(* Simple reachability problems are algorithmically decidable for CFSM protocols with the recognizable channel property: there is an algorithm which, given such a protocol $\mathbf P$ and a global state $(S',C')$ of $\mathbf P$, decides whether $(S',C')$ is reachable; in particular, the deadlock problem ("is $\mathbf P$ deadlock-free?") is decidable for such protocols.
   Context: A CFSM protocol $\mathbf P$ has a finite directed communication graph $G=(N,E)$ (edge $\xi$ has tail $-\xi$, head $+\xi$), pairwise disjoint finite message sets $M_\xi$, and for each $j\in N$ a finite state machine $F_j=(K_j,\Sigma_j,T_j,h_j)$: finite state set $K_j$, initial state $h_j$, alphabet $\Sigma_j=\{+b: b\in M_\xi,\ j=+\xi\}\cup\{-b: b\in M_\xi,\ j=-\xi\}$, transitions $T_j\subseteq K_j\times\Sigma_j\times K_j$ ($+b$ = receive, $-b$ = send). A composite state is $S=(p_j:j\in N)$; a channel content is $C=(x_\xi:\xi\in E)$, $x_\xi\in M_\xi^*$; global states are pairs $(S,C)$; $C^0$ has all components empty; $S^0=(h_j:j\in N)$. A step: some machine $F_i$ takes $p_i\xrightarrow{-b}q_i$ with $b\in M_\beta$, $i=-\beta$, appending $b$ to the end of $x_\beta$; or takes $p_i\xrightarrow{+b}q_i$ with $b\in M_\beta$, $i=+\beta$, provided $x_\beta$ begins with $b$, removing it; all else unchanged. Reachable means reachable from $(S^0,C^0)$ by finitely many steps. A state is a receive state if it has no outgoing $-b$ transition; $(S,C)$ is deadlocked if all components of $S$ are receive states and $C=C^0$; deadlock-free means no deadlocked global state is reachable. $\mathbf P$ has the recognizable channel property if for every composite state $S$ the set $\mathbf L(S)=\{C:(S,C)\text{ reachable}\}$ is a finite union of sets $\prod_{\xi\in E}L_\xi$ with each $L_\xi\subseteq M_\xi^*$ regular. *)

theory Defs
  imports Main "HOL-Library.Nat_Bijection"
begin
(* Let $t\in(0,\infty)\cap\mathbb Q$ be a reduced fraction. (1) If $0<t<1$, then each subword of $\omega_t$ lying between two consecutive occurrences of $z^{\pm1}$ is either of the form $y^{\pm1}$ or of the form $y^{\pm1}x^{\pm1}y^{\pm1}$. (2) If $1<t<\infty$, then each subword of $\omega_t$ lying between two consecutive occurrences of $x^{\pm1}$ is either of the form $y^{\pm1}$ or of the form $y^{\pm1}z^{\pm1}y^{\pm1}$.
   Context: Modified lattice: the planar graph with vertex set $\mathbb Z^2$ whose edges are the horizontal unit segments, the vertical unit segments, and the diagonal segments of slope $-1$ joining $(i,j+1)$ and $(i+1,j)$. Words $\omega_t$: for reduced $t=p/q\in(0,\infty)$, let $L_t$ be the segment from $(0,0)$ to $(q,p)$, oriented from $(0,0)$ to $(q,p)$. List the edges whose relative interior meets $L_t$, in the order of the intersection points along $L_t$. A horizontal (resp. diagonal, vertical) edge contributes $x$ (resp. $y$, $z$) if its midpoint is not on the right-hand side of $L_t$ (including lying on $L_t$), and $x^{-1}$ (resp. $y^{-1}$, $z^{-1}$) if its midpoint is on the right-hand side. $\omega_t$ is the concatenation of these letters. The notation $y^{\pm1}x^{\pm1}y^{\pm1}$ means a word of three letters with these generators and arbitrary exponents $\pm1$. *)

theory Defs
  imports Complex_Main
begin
========
### [PROBLEM DESCRIPTION]
Repeat the entire listing above, keeping every line exactly the same.

### [ANSWER BELOW]
(* Simple reachability problems are algorithmically decidable for CFSM protocols with the recognizable channel property: there is an algorithm which, given such a protocol $\mathbf P$ and a global state $(S',C')$ of $\mathbf P$, decides whether $(S',C')$ is reachable; in particular, the deadlock problem ("is $\mathbf P$ deadlock-free?") is decidable for such protocols.
   Context: A CFSM protocol $\mathbf P$ has a finite directed communication graph $G=(N,E)$ (edge $\xi$ has tail $-\xi$, head $+\xi$), pairwise disjoint finite message sets $M_\xi$, and for each $j\in N$ a finite state machine $F_j=(K_j,\Sigma_j,T_j,h_j)$: finite state set $K_j$, initial state $h_j$, alphabet $\Sigma_j=\{+b: b\in M_\xi,\ j=+\xi\}\cup\{-b: b\in M_\xi,\ j=-\xi\}$, transitions $T_j\subseteq K_j\times\Sigma_j\times K_j$ ($+b$ = receive, $-b$ = send). A composite state is $S=(p_j:j\in N)$; a channel content is $C=(x_\xi:\xi\in E)$, $x_\xi\in M_\xi^*$; global states are pairs $(S,C)$; $C^0$ has all components empty; $S^0=(h_j:j\in N)$. A step: some machine $F_i$ takes $p_i\xrightarrow{-b}q_i$ with $b\in M_\beta$, $i=-\beta$, appending $b$ to the end of $x_\beta$; or takes $p_i\xrightarrow{+b}q_i$ with $b\in M_\beta$, $i=+\beta$, provided $x_\beta$ begins with $b$, removing it; all else unchanged. Reachable means reachable from $(S^0,C^0)$ by finitely many steps. A state is a receive state if it has no outgoing $-b$ transition; $(S,C)$ is deadlocked if all components of $S$ are receive states and $C=C^0$; deadlock-free means no deadlocked global state is reachable. $\mathbf P$ has the recognizable channel property if for every composite state $S$ the set $\mathbf L(S)=\{C:(S,C)\text{ reachable}\}$ is a finite union of sets $\prod_{\xi\in E}L_\xi$ with each $L_\xi\subseteq M_\xi^*$ regular. *)

theory Defs
  imports Main "HOL-Library.Nat_Bijection"
begin
(* Let $t\in(0,\infty)\cap\mathbb Q$ be a reduced fraction. (1) If $0<t<1$, then each subword of $\omega_t$ lying between two consecutive occurrences of $z^{\pm1}$ is either of the form $y^{\pm1}$ or of the form $y^{\pm1}x^{\pm1}y^{\pm1}$. (2) If $1<t<\infty$, then each subword of $\omega_t$ lying between two consecutive occurrences of $x^{\pm1}$ is either of the form $y^{\pm1}$ or of the form $y^{\pm1}z^{\pm1}y^{\pm1}$.
   Context: Modified lattice: the planar graph with vertex set $\mathbb Z^2$ whose edges are the horizontal unit segments, the vertical unit segments, and the diagonal segments of slope $-1$ joining $(i,j+1)$ and $(i+1,j)$. Words $\omega_t$: for reduced $t=p/q\in(0,\infty)$, let $L_t$ be the segment from $(0,0)$ to $(q,p)$, oriented from $(0,0)$ to $(q,p)$. List the edges whose relative interior meets $L_t$, in the order of the intersection points along $L_t$. A horizontal (resp. diagonal, vertical) edge contributes $x$ (resp. $y$, $z$) if its midpoint is not on the right-hand side of $L_t$ (including lying on $L_t$), and $x^{-1}$ (resp. $y^{-1}$, $z^{-1}$) if its midpoint is on the right-hand side. $\omega_t$ is the concatenation of these letters. The notation $y^{\pm1}x^{\pm1}y^{\pm1}$ means a word of three letters with these generators and arbitrary exponents $\pm1$. *)

theory Defs
  imports Complex_Main
begin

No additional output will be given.